## YOUR INSTRUCTIONS
Both the line containing "using assms unfolding balance" and the line containing "text \<open>Evaluating the" belong to the span. Output exactly that span from the listing below, and nothing outside it.

● ● ●

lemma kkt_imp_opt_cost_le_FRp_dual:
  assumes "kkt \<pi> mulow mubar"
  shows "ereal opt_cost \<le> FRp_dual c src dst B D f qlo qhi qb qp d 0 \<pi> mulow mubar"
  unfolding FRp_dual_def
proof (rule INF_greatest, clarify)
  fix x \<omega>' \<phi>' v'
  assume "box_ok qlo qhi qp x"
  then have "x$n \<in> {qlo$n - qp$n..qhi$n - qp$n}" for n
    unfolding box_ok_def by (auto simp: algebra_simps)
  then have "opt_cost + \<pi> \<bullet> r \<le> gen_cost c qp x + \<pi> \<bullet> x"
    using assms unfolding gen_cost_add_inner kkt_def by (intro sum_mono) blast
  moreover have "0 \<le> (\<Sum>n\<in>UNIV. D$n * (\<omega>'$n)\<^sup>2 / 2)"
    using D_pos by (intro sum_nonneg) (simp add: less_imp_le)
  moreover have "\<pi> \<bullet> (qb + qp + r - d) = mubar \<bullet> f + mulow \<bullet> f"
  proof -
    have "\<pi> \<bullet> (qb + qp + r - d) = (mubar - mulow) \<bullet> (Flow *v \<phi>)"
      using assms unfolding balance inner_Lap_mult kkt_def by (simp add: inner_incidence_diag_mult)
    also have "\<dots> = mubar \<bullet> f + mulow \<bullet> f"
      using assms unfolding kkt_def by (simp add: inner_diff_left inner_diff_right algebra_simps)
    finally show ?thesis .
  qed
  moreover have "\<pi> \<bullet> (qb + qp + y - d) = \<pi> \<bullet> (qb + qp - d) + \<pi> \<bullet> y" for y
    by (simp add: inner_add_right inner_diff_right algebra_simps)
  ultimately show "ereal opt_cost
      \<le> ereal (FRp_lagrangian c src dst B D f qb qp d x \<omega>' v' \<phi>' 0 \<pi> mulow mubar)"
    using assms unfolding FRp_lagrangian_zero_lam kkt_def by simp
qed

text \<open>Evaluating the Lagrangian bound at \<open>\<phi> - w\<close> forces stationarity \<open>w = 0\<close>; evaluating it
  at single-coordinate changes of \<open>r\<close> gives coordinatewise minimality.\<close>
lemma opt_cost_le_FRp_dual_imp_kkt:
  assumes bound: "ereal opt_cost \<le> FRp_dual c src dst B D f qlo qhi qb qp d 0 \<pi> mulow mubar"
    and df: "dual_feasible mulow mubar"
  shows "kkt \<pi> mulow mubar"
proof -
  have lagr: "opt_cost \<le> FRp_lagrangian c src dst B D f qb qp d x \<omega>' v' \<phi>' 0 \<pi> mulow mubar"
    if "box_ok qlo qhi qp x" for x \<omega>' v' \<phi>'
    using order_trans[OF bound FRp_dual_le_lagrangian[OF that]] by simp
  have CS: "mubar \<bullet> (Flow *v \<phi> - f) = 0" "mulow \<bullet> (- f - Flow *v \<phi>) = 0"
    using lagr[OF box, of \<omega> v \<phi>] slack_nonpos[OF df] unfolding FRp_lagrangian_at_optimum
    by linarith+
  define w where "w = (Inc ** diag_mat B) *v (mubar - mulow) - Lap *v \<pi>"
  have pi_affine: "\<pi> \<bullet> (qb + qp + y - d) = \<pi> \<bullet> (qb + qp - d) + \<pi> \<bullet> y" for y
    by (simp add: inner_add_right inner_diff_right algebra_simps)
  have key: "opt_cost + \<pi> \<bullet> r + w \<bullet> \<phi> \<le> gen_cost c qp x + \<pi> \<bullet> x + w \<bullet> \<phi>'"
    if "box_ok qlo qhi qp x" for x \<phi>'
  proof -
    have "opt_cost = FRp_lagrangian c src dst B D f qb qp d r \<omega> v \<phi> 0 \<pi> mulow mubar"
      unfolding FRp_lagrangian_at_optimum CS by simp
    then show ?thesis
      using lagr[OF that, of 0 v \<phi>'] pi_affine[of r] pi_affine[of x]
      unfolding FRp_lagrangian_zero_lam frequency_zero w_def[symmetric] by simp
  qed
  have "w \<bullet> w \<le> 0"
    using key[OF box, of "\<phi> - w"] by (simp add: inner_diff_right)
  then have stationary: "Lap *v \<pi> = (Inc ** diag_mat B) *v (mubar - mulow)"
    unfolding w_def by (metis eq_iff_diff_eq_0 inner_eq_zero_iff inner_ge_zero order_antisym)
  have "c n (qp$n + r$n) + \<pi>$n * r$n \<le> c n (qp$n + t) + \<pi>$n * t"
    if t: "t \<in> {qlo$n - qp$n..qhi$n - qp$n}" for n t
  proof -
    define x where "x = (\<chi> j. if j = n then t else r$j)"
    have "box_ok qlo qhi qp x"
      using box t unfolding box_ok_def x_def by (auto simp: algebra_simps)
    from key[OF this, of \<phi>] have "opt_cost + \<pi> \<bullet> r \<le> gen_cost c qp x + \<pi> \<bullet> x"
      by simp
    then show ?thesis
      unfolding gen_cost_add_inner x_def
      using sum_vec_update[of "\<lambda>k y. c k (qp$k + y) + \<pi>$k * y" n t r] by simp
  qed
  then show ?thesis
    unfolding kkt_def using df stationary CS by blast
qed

● ● ●

## REPLY
      using assms unfolding balance inner_Lap_mult kkt_def by (simp add: inner_incidence_diag_mult)
    also have "\<dots> = mubar \<bullet> f + mulow \<bullet> f"
      using assms unfolding kkt_def by (simp add: inner_diff_left inner_diff_right algebra_simps)
    finally show ?thesis .
  qed
  moreover have "\<pi> \<bullet> (qb + qp + y - d) = \<pi> \<bullet> (qb + qp - d) + \<pi> \<bullet> y" for y
    by (simp add: inner_add_right inner_diff_right algebra_simps)
  ultimately show "ereal opt_cost
      \<le> ereal (FRp_lagrangian c src dst B D f qb qp d x \<omega>' v' \<phi>' 0 \<pi> mulow mubar)"
    using assms unfolding FRp_lagrangian_zero_lam kkt_def by simp
qed

text \<open>Evaluating the Lagrangian bound at \<open>\<phi> - w\<close> forces stationarity \<open>w = 0\<close>; evaluating it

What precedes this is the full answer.